Carlow se volvió hacia Wycza para conocer su opinión. Estos tres hombres no se conocían entre sí, nunca habían trabajado juntos. Hoy se habían visto por primera vez; Wycza y Devers en el avión, y Carlow, en el apartamento de Parker. Les era difícil saber cómo repartirse el trabajo, en qué cosas era experto cada uno. Carlow y Wycza, mirándose en la débil iluminación de una calle perpendicular, trataron de llegar silenciosamente a un acuerdo sobre Devers, y al mismo tiempo de medirse entre sí. Wycza bajó los ojos y asintió ligeramente, encogiendo los hombros, como si dijera: «Qué diablos, dejémosle que haga lo que le parezca, tendremos tiempo de cubrirnos». Carlow torció los labios y miró hacia el frente antes de contestar, gestos que para Wycza significaban claramente: «La decisión te corresponde a ti, yo sólo soy el conductor, y si sale mal, no será culpa mía». En voz alta, Carlow le dijo a Devers:

– Como te parezca.

– Vale la pena probar -contestó Devers. Se volvió y dijo a Wycza-: Dime qué te parece. Si a pesar de todo quieren causar problemas, intervienes tú. -De modo que Devers también se mostraba prudente en esta nueva asociación y no aceptaba toda la responsabilidad sobre sus hombros.

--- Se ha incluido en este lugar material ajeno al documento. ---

lemma det_sub_sq_nonzero_if_pos_def_on:
  assumes P: "P \<in> carrier_mat N N" and S: "S \<subseteq> {0..<N}"
    and pd: "pos_def_on (\<lambda>r c. P $$ (r, c)) N S"
  shows "det (sub_sq P S) \<noteq> 0"
proof
  assume "det (sub_sq P S) = 0"
  then obtain w where w: "w \<in> carrier_vec (card S)" "w \<noteq> 0\<^sub>v (card S)"
    and kernel: "sub_sq P S *\<^sub>v w = 0\<^sub>v (card S)"
    using det_0_iff_vec_prod_zero[OF sub_sq_carrier[OF P S]] by auto
  have fin: "finite S" using S finite_subset by blast
  define v where "v r = (if r \<in> S then w $ pick_index S r else 0)" for r
  have supp: "\<And>r. r < N \<Longrightarrow> r \<notin> S \<Longrightarrow> v r = 0" unfolding v_def by simp
  have compress: "vec (card S) (\<lambda>a. v (pick S a)) = w"
    using w(1) unfolding v_def by (intro eq_vecI) (auto simp: pick_in_set_le pick_index_pick)
  obtain a where a: "a < card S" "w $ a \<noteq> 0"
    using w by (metis eq_vecI carrier_vecD index_zero_vec(1,2))
  have "v (pick S a) \<noteq> 0" using a unfolding v_def by (simp add: pick_in_set_le pick_index_pick)
  moreover have "pick S a < N" using pick_in_set_le[OF a(1)] S by auto
  ultimately have "quad_form (\<lambda>r c. P $$ (r, c)) N v > 0"
    using pd supp unfolding pos_def_on_def by blast
  moreover have "quad_form (\<lambda>r c. P $$ (r, c)) N v = 0"
    using quad_form_sub_sq[OF P S supp] compress kernel w(1) by simp
  ultimately show False by simp
qed

section \<open>Inverses supported by an index set\<close>

lemma minv_inverse:
  assumes A: "A \<in> carrier_mat n n" and det: "det A \<noteq> 0"
  shows "minv A \<in> carrier_mat n n" "A * minv A = 1\<^sub>m n"
proof -
  obtain B where B: "B \<in> carrier_mat n n" "B * A = 1\<^sub>m n" "A * B = 1\<^sub>m n"
    using det_non_zero_imp_unit[OF A det] unfolding Units_def by (auto simp: ring_mat_simps)
  then have "\<exists>B. B \<in> carrier_mat (dim_row A) (dim_row A) \<and> inverts_mat A B \<and> inverts_mat B A"
    using A unfolding inverts_mat_def by auto
  then have "minv A \<in> carrier_mat (dim_row A) (dim_row A) \<and> inverts_mat A (minv A) \<and> inverts_mat (minv A) A"
    unfolding minv_def by (rule someI_ex)
  then show "minv A \<in> carrier_mat n n" "A * minv A = 1\<^sub>m n"
    using A unfolding inverts_mat_def by auto
qed

definition embed_sub_sq :: "nat set \<Rightarrow> real mat \<Rightarrow> nat \<Rightarrow> nat \<Rightarrow> real" where
  "embed_sub_sq S A r c = (if r \<in> S \<and> c \<in> S then A $$ (pick_index S r, pick_index S c) else 0)"
theorem lemma3p2:
  fixes \<omega> :: "real \<Rightarrow> real"
  assumes "\<omega> ` {0..1} \<subseteq> {0..1/2}"
    and "continuous_on {0..1} \<omega>"
    and "C_infinity_on {0<..<1} \<omega>"
    and "\<forall>t\<in>{0<..<1}. deriv \<omega> t > 0"
    and "\<omega> 0 = 0" and "\<omega> 1 = 1/2"
  shows "\<exists>u :: real \<times> real \<Rightarrow> real.
           continuous_on (closure Delta) u \<and> (\<exists>L. L\<ge>0 \<and> L-lipschitz_on (closure Delta) u) \<and>
           C2_on Delta u \<and>
           (\<forall>x\<in>Delta. \<forall>y\<in>Delta. \<bar>u x - u y\<bar> \<le> dist x y \<and>
              (\<bar>u x - u y\<bar> = dist x y \<longleftrightarrow> (\<exists>a\<in>{0<..<1}. x \<in> l_seg \<omega> a \<and> y \<in> l_seg \<omega> a)))"
proof -
  interpret foliation_profile \<omega>
    using assms(2-6) C_infinity_on_imp_C1_on[OF assms(3)] by unfold_locales auto
  have "1-lipschitz_on Delta u0"
    by (rule lipschitz_onI) (auto simp: dist_real_def u0_dist_le)
  then obtain u where u: "1-lipschitz_on (closure Delta) u" "\<And>x. x \<in> Delta \<Longrightarrow> u x = u0 x"
    using lipschitz_extend_closure by blast
  have "C2_on Delta u"
    using open_Delta u(2) C2_on_u0 by (rule C2_on_cong)
  moreover have "continuous_on (closure Delta) u"
    using u(1) by (rule lipschitz_on_continuous_on)
  ultimately show ?thesis
    using u u0_dist_le u0_dist_eq_imp_l_seg u0_dist_eq_if_l_seg
    by (intro exI[of _ u]) (auto intro!: exI[of _ 1])
qed

end
lemma trias_equiv_normal_form: "t \<approx> star_chain (bul_chain (visible t)) (hidden t)"
proof (induction t)
  case (Star s u)
  let ?x = "star_chain (bul_chain (visible s)) (hidden s)"
  have "Star s u \<approx> Star ?x u"
    using Star.IH by (simp add: trias_equiv_Star)
  also have "\<dots> \<approx> star_chain ?x (leaves u)"
    by (rule Star_trias_equiv_star_chain)
  finally show ?case by simp
next
  case (Bul s u)
  let ?X = "bul_chain (visible s)" and ?Y = "bul_chain (visible u)"
  have "Bul s u \<approx> Bul (star_chain ?X (hidden s)) (star_chain ?Y (hidden u))"
    using Bul.IH by (simp add: trias_equiv_Bul)
  also have "\<dots> \<approx> star_chain (Bul (star_chain ?X (hidden s)) ?Y) (hidden u)"
    by (rule Bul_star_chain)
  also have "\<dots> \<approx> star_chain (Bul ?Y (star_chain ?X (hidden s))) (hidden u)"
    by (intro star_chain_cong trias_equiv_ax)
  also have "\<dots> \<approx> star_chain (star_chain (Bul ?Y ?X) (hidden s)) (hidden u)"
    by (intro star_chain_cong Bul_star_chain)
  also have "\<dots> \<approx> star_chain (star_chain (Bul ?X ?Y) (hidden s)) (hidden u)"
    by (intro star_chain_cong trias_equiv_ax)
  also have "\<dots> \<approx> star_chain (star_chain (bul_chain (visible s @ visible u)) (hidden s)) (hidden u)"
    by (intro star_chain_cong bul_chain_append visible_ne)
  finally show ?case by simp
qed simp

definition trias_basis :: "nat \<Rightarrow> nat set \<Rightarrow> tm" where
  "trias_basis n J = star_chain (bul_chain (sorted_list_of_set J)) (sorted_list_of_set ({1..n} - J))"

lemma
  assumes "J \<in> subsets_ne n"
  shows visible_trias_basis: "set (visible (trias_basis n J)) = J"
    and multilin_trias_basis: "multilin n (trias_basis n J)"
proof -
  have J: "finite J" "J \<noteq> {}" "J \<subseteq> {1..n}"
    using assms by (auto simp: subsets_ne_def finite_subset)
  then have "sorted_list_of_set J \<noteq> []" by simp
  with J show "set (visible (trias_basis n J)) = J" "multilin n (trias_basis n J)"
    by (auto simp: trias_basis_def visible_bul_chain leaves_bul_chain multilin_def)
qed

Wycza asintió. Devers dispararía contra uno en el hombro, y si no se calmaban Wycza dispararía contra los tres a la cabeza.

– Perfecto -contestó.


El corredor de Bolsa Andrew Leffler no pensó en el cuarto trasero cuando los ladrones aparecieron en su casa a mitad de la noche. Se despertó al encenderse la luz y se sentó, atónito, y vio a dos hombres vestidos de negro, con capuchas negras en la cabeza, en el umbral del dormitorio, apuntándolo con sus pistolas. En esos primeros segundos de vigilia pensó que eran simplemente rateros que venían a apoderarse de cualquier cosa de valor que hubiera en la casa.

Automáticamente su mano derecha tanteó la mesilla de noche en busca de las gafas. En la otra cama, Maureen también se había despertado y su esposo oyó la respiración entrecortada que indicaba que ella también había visto a los hombres y sus armas, pero no gritó, y al pensar en la tranquilidad y presencia de ánimo de Maureen disminuyó también su pánico, causado por la torpeza de sus dedos con las gafas. Al no poder ver correctamente, todo parecía peor.

– Tranquilícese -dijo uno de los hombres-, y no haremos daño a nadie.

Cuando al fin logró ponerse las gafas, cambió de opinión al instante y decidió que estos eran dos secuestradores. «Que sea a mí a quien quieren -pensó- y no a Maureen.»

Con las gafas podía verlos con más claridad. Los dos eran hombres delgados y parecían más delgados aún por las ropas negras. Sostenían con firmeza sus pistolas y se habían separado. Ahora estaban flanqueando el umbral. Y también estaban, notó Leffler, fuera del campo visual de las ventanas.

Uno de ellos dijo:

– Levántense. Los dos. Pónganse una bata y zapatillas. No necesitarán más; afuera hace calor.

«¿Los dos?», pensó Leffler.

– Llévenme a mí -dijo-, sólo me quieren a mí.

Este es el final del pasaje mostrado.